Assume that all instructions take one cycle in the Execute (X) stage except for loads and stores, which take 2 cycles in X. Also assume that there are infinitely many reservation stations, functional units, reorder buffer entries, dispatch buffer entries, and instruction buffer entries, but are *limited to the physical registers in the free list at the start of the program* (see below).

Complete the pipeline diagram below. On the next page, we have also included the map table, free list, reservation stations/functional units, and reorder buffer, for your convenience.

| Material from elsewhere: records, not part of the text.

text \<open>Summation by parts turns the defining series of alpha(p) into the series of increments;
  the boundary term p^-(M+1) log(1 + ... + p^-M) tends to 0.\<close>

lemma alpha_sums:
  assumes "2 \<le> p"
  shows "(\<lambda>k. (1 / real p) ^ Suc k * ln_geo_sum_diff (1 / real p) k) sums alpha p"
proof -
  define x where "x = 1 / real p"
  define g where "g m = ln (geo_sum x m)" for m
  have x: "0 \<le> x" "x \<le> 1/2"
    using assms by (auto simp: x_def field_simps)
  have g: "0 \<le> g m" "g m \<le> 1" for m
    using geo_sum_ge_1[OF x(1)] ln_geo_sum_le_1[OF x] by (auto simp: g_def)
  have geometric: "summable (\<lambda>m. x ^ Suc m)"
    by (subst summable_Suc_iff) (rule summable_geometric, use x in auto)
  have "summable (\<lambda>m. x ^ Suc m * g (Suc m))"
    by (rule summable_comparison_test'[OF geometric]) (use x g in \<open>auto intro: mult_left_le\<close>)
  moreover have "alpha p = (1 - x) * (\<Sum>m. x ^ Suc m * g (Suc m))"
    by (simp add: alpha_def x_def g_def geo_sum_def power_one_over)
  ultimately have "(\<lambda>M. (1 - x) * (\<Sum>m<M. x ^ Suc m * g (Suc m))) \<longlonglongrightarrow> alpha p"
    by (simp add: tendsto_mult_left summable_LIMSEQ)
  moreover have "(\<lambda>M. x ^ Suc M * g M) \<longlonglongrightarrow> 0"
  proof (rule Lim_null_comparison)
    show "\<forall>\<^sub>F M in sequentially. norm (x ^ Suc M * g M) \<le> x ^ Suc M"
      using x g by (intro always_eventually allI) (simp add: mult_left_le)
    show "(\<lambda>M. x ^ Suc M) \<longlonglongrightarrow> 0"
      using geometric by (rule summable_LIMSEQ_zero)
  qed
  ultimately have "(\<lambda>M. (1 - x) * (\<Sum>m<M. x ^ Suc m * g (Suc m)) + x ^ Suc M * g M)
      \<longlonglongrightarrow> alpha p + 0"
    by (rule tendsto_add)
  then show ?thesis
    unfolding sums_def power_mult_sum_by_parts[of g, OF g_def[of 0, simplified]]
    by (simp add: ln_geo_sum_diff_def g_def x_def)
qed
fun Psi' :: "('b::complete_lattice \<Rightarrow> 'b \<Rightarrow> bool) \<Rightarrow> ('b set \<Rightarrow> 'b) \<Rightarrow> ('b set \<Rightarrow> 'b)
    \<Rightarrow> ('b \<Rightarrow> 'b) \<Rightarrow> alpha \<Rightarrow> ('p, 'f, 'v, 'b) clause set
    \<Rightarrow> ('p, 'f, 'b) valuation \<Rightarrow> ('p, 'f, 'b) valuation" where
  "Psi' leqk kInf kSup neg AF P v = lfp (\<lambda>x. Psi kInf kSup neg AF P x v)"
| "Psi' leqk kInf kSup neg AT P v = gfp (\<lambda>x. Psi kInf kSup neg AT P x v)"
| "Psi' leqk kInf kSup neg AU P v = klfp leqk kInf (\<lambda>x. Psi kInf kSup neg AU P x v)"
| "Psi' leqk kInf kSup neg AI P v = kgfp leqk kSup (\<lambda>x. Psi kInf kSup neg AI P x v)"

definition extreme_oscillation_points :: "('a::complete_lattice \<Rightarrow> 'a) \<Rightarrow> 'a \<Rightarrow> 'a \<Rightarrow> bool" where
  "extreme_oscillation_points f \<mu> \<nu> \<longleftrightarrow>
     antimono f
     \<and> f (f \<mu>) = \<mu> \<and> (\<forall>x. f (f x) = x \<longrightarrow> \<mu> \<le> x)
     \<and> f (f \<nu>) = \<nu> \<and> (\<forall>x. f (f x) = x \<longrightarrow> x \<le> \<nu>)
     \<and> f \<mu> = \<nu> \<and> f \<nu> = \<mu>
     \<and> (\<forall>x y. f x = y \<and> f y = x \<longrightarrow> \<mu> \<le> x \<and> x \<le> \<nu> \<and> \<mu> \<le> y \<and> y \<le> \<nu>)"

end

theory Submission
  imports Defs
begin

text \<open>
  \<open>\<Psi>(x, v)\<close> is \<open>\<le>\<^sub>t\<close>-monotone in \<open>x\<close> and \<open>\<le>\<^sub>t\<close>-antitone in \<open>v\<close>: \<open>v\<close> is only read through
  negated literals, and every connective is \<open>\<le>\<^sub>t\<close>-monotone (the knowledge connectives by
  interlacing). Hence each extreme fixpoint \<open>\<Psi>'\<^sup>\<alpha>(v)\<close> decreases as \<open>v\<close> increases: for
  \<open>\<alpha> = \<F>, \<T>\<close> by Knaster-Tarski; for \<open>\<alpha> = \<U>, \<I>\<close> because the two fixpoints to be compared
  arise together as the componentwise \<open>\<le>\<^sub>k\<close>-join (meet) of a set of \<open>\<le>\<^sub>t\<close>-ordered pairs,
  and by interlacing such joins (meets) preserve \<open>\<le>\<^sub>t\<close>. So \<open>\<Psi>'\<^sup>\<alpha>\<close> is antitone, its square
  is monotone, and the least and greatest fixpoints of the square are the extreme oscillation
  points of \<open>\<Psi>'\<^sup>\<alpha>\<close>.
\<close>

lemma mono_comp_antimono:
  assumes "antimono f" and "antimono g"
  shows "mono (f \<circ> g)"
  using assms by (auto intro!: monoI dest: antimonoD)
(* Under the standing assumptions below, fix $i\in P$. Then the family $\{\,t^{\,i-r}e^r_j : r\in P,\ r<i,\ 1\le j\le b_r\,\}$ (indexed by the pairs $(r,j)$) is $R$-linearly independent in $M_i$.
   Context: Standing assumptions: $R$ is a principal ideal domain; $P$ is a lattice with a compatible abelian group structure ($(P,+,0)$ abelian group, $a\le b\Rightarrow a+c\le b+c$). $U_0=\{s\in P:s\ge 0\}$, $R[U_0]$ the monoid ring (finite sums $\sum c_st^s$, $c_s\in R$), graded by $\deg(ct^s)=s$. $M=\bigoplus_{a\in P}M_a$ is a $P$-graded $R[U_0]$-module (persistence module) that is graded projective, with each $M_a$ a finitely generated $R$-module. For $r\in P$, $D_r=\sum_{q<r}t^{\,r-q}M_q\subseteq M_r$; the quotient $M_r/D_r$ is a free $R$-module of finite rank $b_r$, and for each $r$ one fixes elements $e^r_1,\dots,e^r_{b_r}\in M_r\setminus D_r$ whose classes form an $R$-basis of $M_r/D_r$. *)

theory Defs
  imports Main "HOL-Library.Lattice_Algebras" "HOL-Library.Product_Plus" "HOL-Library.Function_Algebras"
begin

definition is_ideal :: "'r::comm_ring_1 set \<Rightarrow> bool" where
  "is_ideal I \<longleftrightarrow> 0 \<in> I \<and> (\<forall>x\<in>I. \<forall>y\<in>I. x + y \<in> I) \<and> (\<forall>x\<in>I. \<forall>r. r * x \<in> I)"

definition is_pid :: "'r::idom itself \<Rightarrow> bool" where
  "is_pid _ \<longleftrightarrow> (\<forall>I::'r set. is_ideal I \<longrightarrow> (\<exists>a. I = {a * x | x. True}))"

text \<open>A P-graded R[U0]-module is given by its homogeneous components G a (sets in an
  ambient abelian group type), the R-scalar action sm, and the action of the monomials:
  act a b x = t^(b-a) x for x in G a and a \<le> b.\<close>

definition gmod :: "('p::lattice_ab_group_add \<Rightarrow> 'm::ab_group_add set) \<Rightarrow> ('r::comm_ring_1 \<Rightarrow> 'm \<Rightarrow> 'm)
     \<Rightarrow> ('p \<Rightarrow> 'p \<Rightarrow> 'm \<Rightarrow> 'm) \<Rightarrow> bool" where
  "gmod G sm act \<longleftrightarrow>
     (\<forall>a. 0 \<in> G a \<and> (\<forall>x\<in>G a. \<forall>y\<in>G a. x + y \<in> G a) \<and> (\<forall>x\<in>G a. - x \<in> G a)
        \<and> (\<forall>x\<in>G a. \<forall>r. sm r x \<in> G a)
        \<and> (\<forall>x\<in>G a. \<forall>y\<in>G a. \<forall>r. sm r (x + y) = sm r x + sm r y)
        \<and> (\<forall>x\<in>G a. \<forall>r s. sm (r + s) x = sm r x + sm s x)
        \<and> (\<forall>x\<in>G a. \<forall>r s. sm (r * s) x = sm r (sm s x))
        \<and> (\<forall>x\<in>G a. sm 1 x = x)
        \<and> (\<forall>x\<in>G a. act a a x = x))
   \<and> (\<forall>a b. a \<le> b \<longrightarrow>
        (\<forall>x\<in>G a. act a b x \<in> G b)
        \<and> (\<forall>x\<in>G a. \<forall>y\<in>G a. act a b (x + y) = act a b x + act a b y)
        \<and> (\<forall>x\<in>G a. \<forall>r. act a b (sm r x) = sm r (act a b x)))
   \<and> (\<forall>a b c. a \<le> b \<longrightarrow> b \<le> c \<longrightarrow> (\<forall>x\<in>G a. act b c (act a b x) = act a c x))"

|  |  |  |  |  |  |  |  |  |  |  |  |  |  |  |  |  |  |  |  |
| --- | --- | --- | --- | --- | --- | --- | --- | --- | --- | --- | --- | --- | --- | --- | --- | --- | --- | --- | --- |
| **Instr / Cycle** | **0** | **1** | **2** | **3** | **4** | **5** | **6** | **7** | **8** | **9** | **10** | **11** | **12** | **13** | **14** | **15** | **16** | **17** | **18** |
| ADD $1, $2, $3 | F | De | Di | S | X | C | R |  |  |  |  |  |  |  |  |  |  |  |  |
| SUB $4, $5, $1 |  |  |  |  |  |  |  |  |  |  |  |  |  |  |  |  |  |  |  |
| OR $6, $1, $4 |  |  |  |  |  |  |  |  |  |  |  |  |  |  |  |  |  |  |  |
| AND $7, $4, $6 |  |  |  |  |  |  |  |  |  |  |  |  |  |  |  |  |  |  |  |
| LW $9, 4($3) |  |  |  |  |  |  |  |  |  |  |  |  |  |  |  |  |  |  |  |
| ADD $1, $9, $2 |  |  |  |  |  |  |  |  |  |  |  |  |  |  |  |  |  |  |  |
| SW $1, 4($7) |  |  |  |  |  |  |  |  |  |  |  |  |  |  |  |  |  |  |  |

|  |  |  |
| --- | --- | --- |
| **Map Table** | | |
| **Architectural Reg** | **Physical Reg** | **Ready (Y/N)** |
| $1 | P1 | Y |
| $2 | P2 | Y |
| $3 | P3 | Y |
| $4 | P4 | Y |
| $5 | P5 | Y |
| $6 | P6 | Y |
| $7 | P7 | Y |
| $8 | P8 | Y |
| $9 | P9 | Y |

|  |  |
| --- | --- |
| **Free List** | P10, P11, P12 |

|  |  |  |  |  |  |
| --- | --- | --- | --- | --- | --- |
| **Reservation Stations and Functional Units** | | | | | |
| **Functional Unit** | **Instruction** | **Operand (rs)** | | **Operand (rt)** | |
| **Physical Reg** | **Ready (Y/N)** | **Physical Reg** | **Ready (Y/N)** |
| add/sub |  |  |  |  |  |
| and |  |  |  |  |  |
| or |  |  |  |  |  |
| lw |  |  |  |  |  |
| sw |  |  |  |  |  |
|  |  |  |  |  |  |
|  |  |  |  |  |  |

|  |  |  |  |
| --- | --- | --- | --- |
| **Reorder Buffer** | | | |
| **Instruction** | | **Dest Physical Reg**  **(rd)** | **Old Physical Reg**  **(rd)** |
| **Head (Oldest)**  **Tail (Youngest)** |  |  |  |
|  |  |  |
|  |  |  |
|  |  |  |
|  |  |  |
|  |  |  |
|  |  |  |

**Part B [2 points]**

If the reorder buffer from Part A were not infinitely sized, how many entries would it need to avoid stalls due to a lack of reorder buffer entries? To receive credit, you must justify your answer.